Political Prisoner by Jean Arasanayagam
for Steve Biko and others (1985)
In a prison cell
he lies dead
when did it happen?
we were all asleep.
It was somewhere towards dawn
we did not hear
his silent scream
or grating whimper
he died alone
who mourned
was it a person or a nation?
In a prison cell he died
his breath twisting round the bars
no one sat by him
although a multitude stood outside
in a prison cell
he died we read it
the next morning
in the papers
in cold dead print
perhaps you passed it by
he died alone quite alone
in his prison cell
four walls a roof
locked doors and little else.
You’d be in there too
but you wear masks you’re clever
at disguise you’d rather not.
in order to be safe, speak out your
thoughts aloud,
you don’t want bullets passing
through your ribs to burst your lungs.
let others spill their blood and wound their flesh
your lips in silence clamp down tight
guns continue to splutter
bombs go off
if you step from the forest
onto the road in pools of blood
you’ll slither.
But look the hangman’s noose
drops lower, it’s a ring of rope
that slowly tightens round your neck
snaps the bone,
watch it coming
swinging closer
do you recognize that face?
cry out in recognition?
he is one of yours.
Is he the friend
and you the foe?
Jean Arasanayagam was a Sri Lankan poet and fiction writer. She wrote her works in English. The theme in her work was ethnic and religious turmoil in Sri Lanka. Jean Arasanayagm had experienced the ethnic turmoil in the country and captured the feelings of victims of that in her poems. She seems to try drawing parallels between the tragic assassination of Steve Biko with the similar incidents happen in Sri Lanka during that grim period of time.

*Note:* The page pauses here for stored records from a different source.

text \<open>Configurations \<open>(\<alpha>, p, q)\<close> such that \<open>\<alpha>\<close> derives a word leading from \<open>p\<close> to \<open>q\<close> without
  output: the least fixpoint of \<open>silent_step\<close>, reached in \<open>n_configs\<close> rounds, each of which at
  most doubles the length of the shortest witness.\<close>
definition silent_step :: "'a config set \<Rightarrow> 'a config set" where
  "silent_step S = configs \<inter> {(\<alpha>, p, q).
     (\<alpha> = [] \<and> run T p [] [] q) \<or>
     (\<exists>a \<beta> r. \<alpha> = Inr a # \<beta> \<and> run T p [a] [] r \<and> (\<beta>, r, q) \<in> S) \<or>
     (\<exists>A \<beta> rhs r. \<alpha> = Inl A # \<beta> \<and> (A, rhs) \<in> P \<and> (rhs, p, r) \<in> S \<and> (\<beta>, r, q) \<in> S)}"

lemma mono_silent_step: "mono silent_step"
  unfolding mono_def silent_step_def by blast

lemma silent_iter_witness:
  "(\<alpha>, p, q) \<in> (silent_step ^^ k) {} \<Longrightarrow>
     \<exists>u. derives P \<alpha> u \<and> run T p u [] q \<and> length u \<le> 2 ^ k"
proof (induction k arbitrary: \<alpha> p q)
  case (Suc k)
  then have "(\<alpha>, p, q) \<in> silent_step ((silent_step ^^ k) {})" by simp
  then consider "\<alpha> = []" "run T p [] [] q"
    | a \<beta> r where "\<alpha> = Inr a # \<beta>" "run T p [a] [] r" "(\<beta>, r, q) \<in> (silent_step ^^ k) {}"
    | A \<beta> rhs r where "\<alpha> = Inl A # \<beta>" "(A, rhs) \<in> P"
        "(rhs, p, r) \<in> (silent_step ^^ k) {}" "(\<beta>, r, q) \<in> (silent_step ^^ k) {}"
    unfolding silent_step_def by blast
  then show ?case
  proof cases
    case 1
    then show ?thesis by (intro exI[of _ "[]"]) simp
  next
    case (2 a \<beta> r)
    with Suc.IH obtain u where "derives P \<beta> u" "run T r u [] q" "length u \<le> 2 ^ k" by blast
    moreover have "length (a # u) \<le> 2 ^ Suc k"
      using \<open>length u \<le> 2 ^ k\<close> one_le_power[of "2 :: nat" k] by (simp only: length_Cons power_Suc) linarith
    moreover have "run T p (a # u) [] q" using run_append[OF 2(2) \<open>run T r u [] q\<close>] by simp
    ultimately show ?thesis using 2(1) by (intro exI[of _ "a # u"]) simp
  next
    case (3 A \<beta> rhs r)
    with Suc.IH obtain u1 u2 where "derives P rhs u1" "run T p u1 [] r" "length u1 \<le> 2 ^ k"
      "derives P \<beta> u2" "run T r u2 [] q" "length u2 \<le> 2 ^ k" by meson
    then show ?thesis
      using 3 run_append[of T p u1 "[]" r u2 "[]" q] by (intro exI[of _ "u1 @ u2"]) auto
  qed
qed simp

lemma silent_lfp_complete:
  "derives P \<alpha> u \<Longrightarrow> run T p u [] q \<Longrightarrow> (\<alpha>, p, q) \<in> configs \<Longrightarrow> (\<alpha>, p, q) \<in> lfp silent_step"
proof (induction arbitrary: p q rule: derives.induct)
  case derives_nil
  then have "([], p, q) \<in> silent_step (lfp silent_step)" unfolding silent_step_def by blast
  then show ?case using lfp_fixpoint[OF mono_silent_step] by blast
next
  case (derives_terminal \<alpha> w a)
  from run_split[of T p "[a]" w "[]" q] derives_terminal.prems(1) obtain r
    where r: "run T p [a] [] r" "run T r w [] q" by auto
  with derives_terminal have "(\<alpha>, r, q) \<in> lfp silent_step" by (blast intro: configs_tl)
  with r derives_terminal.prems(2) have "(Inr a # \<alpha>, p, q) \<in> silent_step (lfp silent_step)"
    unfolding silent_step_def by blast
  then show ?case using lfp_fixpoint[OF mono_silent_step] by blast
next
  case (derives_nonterminal A rhs w1 \<alpha> w2)
  from run_split[of T p w1 w2 "[]" q] derives_nonterminal.prems(1) obtain r
    where r: "run T p w1 [] r" "run T r w2 [] q" by auto
  with derives_nonterminal have "(rhs, p, r) \<in> lfp silent_step" "(\<alpha>, r, q) \<in> lfp silent_step"
    by (blast intro: configs_rhs configs_tl)+
  with derives_nonterminal have "(Inl A # \<alpha>, p, q) \<in> silent_step (lfp silent_step)"
    unfolding silent_step_def by blast
  then show ?case using lfp_fixpoint[OF mono_silent_step] by blast
qed

lemma lfp_silent_step: "lfp silent_step = (silent_step ^^ n_configs) {}"
  by (rule lfp_eq_Kleene_iter_card[OF mono_silent_step _ finite_configs])
    (auto simp: silent_step_def)

lemma short_silent_derivation:
  assumes "(\<alpha>, p, q) \<in> configs" "derives P \<alpha> u" "run T p u [] q"
  shows "\<exists>u'. derives P \<alpha> u' \<and> run T p u' [] q \<and> length u' \<le> 2 ^ n_configs"
  using silent_lfp_complete[OF assms(2,3,1)] silent_iter_witness by (simp add: lfp_silent_step)

text \<open>For a nonempty output \<open>y\<close>: either the output is split into nonempty parts among the
  children of the derivation (\<open>output_base\<close>, handled by induction on \<open>|y|\<close>), or one child produces
  all of \<open>y\<close> and the others nothing (\<open>silent_extension\<close>, whose iteration again stabilises after
  \<open>n_configs\<close> rounds, each adding at most \<open>silent_slack n_configs\<close> letters).\<close>
definition output_base :: "'b list \<Rightarrow> 'a config set" where
  "output_base y = {(\<alpha>, p, q).
     (\<alpha> = [] \<and> run T p [] y q) \<or>
     (\<exists>a \<beta> r y1 y2 w. \<alpha> = Inr a # \<beta> \<and> y = y1 @ y2 \<and> y1 \<noteq> [] \<and>
        run T p [a] y1 r \<and> derives P \<beta> w \<and> run T r w y2 q) \<or>
     (\<exists>A \<beta> rhs r y1 y2 w1 w2. \<alpha> = Inl A # \<beta> \<and> (A, rhs) \<in> P \<and> y = y1 @ y2 \<and> y1 \<noteq> [] \<and> y2 \<noteq> [] \<and>
        derives P rhs w1 \<and> run T p w1 y1 r \<and> derives P \<beta> w2 \<and> run T r w2 y2 q)}"

definition silent_extension :: "'a config set \<Rightarrow> 'a config set" where
  "silent_extension S = {(\<alpha>, p, q).
     (\<exists>a \<beta> r. \<alpha> = Inr a # \<beta> \<and> run T p [a] [] r \<and> (\<beta>, r, q) \<in> S) \<or>
     (\<exists>A \<beta> rhs r w. \<alpha> = Inl A # \<beta> \<and> (A, rhs) \<in> P \<and> derives P rhs w \<and> run T p w [] r \<and>
        (\<beta>, r, q) \<in> S) \<or>
     (\<exists>A \<beta> rhs r w. \<alpha> = Inl A # \<beta> \<and> (A, rhs) \<in> P \<and> (rhs, p, r) \<in> S \<and> derives P \<beta> w \<and>
        run T r w [] q)}"

definition output_step :: "'b list \<Rightarrow> 'a config set \<Rightarrow> 'a config set" where
  "output_step y S = configs \<inter> (output_base y \<union> silent_extension S)"

lemma mono_output_step: "mono (output_step y)"
  unfolding mono_def output_step_def silent_extension_def by blast

lemma lfp_output_step: "lfp (output_step y) = (output_step y ^^ n_configs) {}"
  by (rule lfp_eq_Kleene_iter_card[OF mono_output_step _ finite_configs])
    (auto simp: output_step_def)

Bantu Stephen Biko was a South African anti-apartheid activist. Ideologically an African nationalist and African socialist, he was at the forefront of a grassroots anti-apartheid campaign known as the Black Consciousness Movement during the late 1960s and 1970s. On August 18, 1977, he and a fellow activist were seized at a roadblock and jailed in Port Elizabeth. Biko was found naked and shackled outside a hospital in Pretoria, 740 miles (1,190 km) away, on September 11 and died the next day of a massive brain hemorrhage.
She seems trying to wake up a sleeping nation to speak against the human right violations. She accuses the people who turn their blind eyes to the injustice happening in a country. She calls them people in disguise in order to save themselves from death. Indirectly, she accuses such people cowards and opportunists who yield the benefits of others sacrifices. She warns people who keep their senses shut like three wise monkeys. She asks to stand with the people who stand against injustice or else, you will be the next one to face the devil’s face of injustice.
Though Jean Arasanayagam had written the poem about a past incident, it has the universal value as political prisoners still give their life in order to give a better world to the others. Her poem is an eye opener to the world to protect the people who try to make the world a better place.
May this post be a tribute to the heroes who selflessly sacrificed their lives for a better tomorrow. May this post be a strength to people who stand against injustice and raise their voice against human right violations.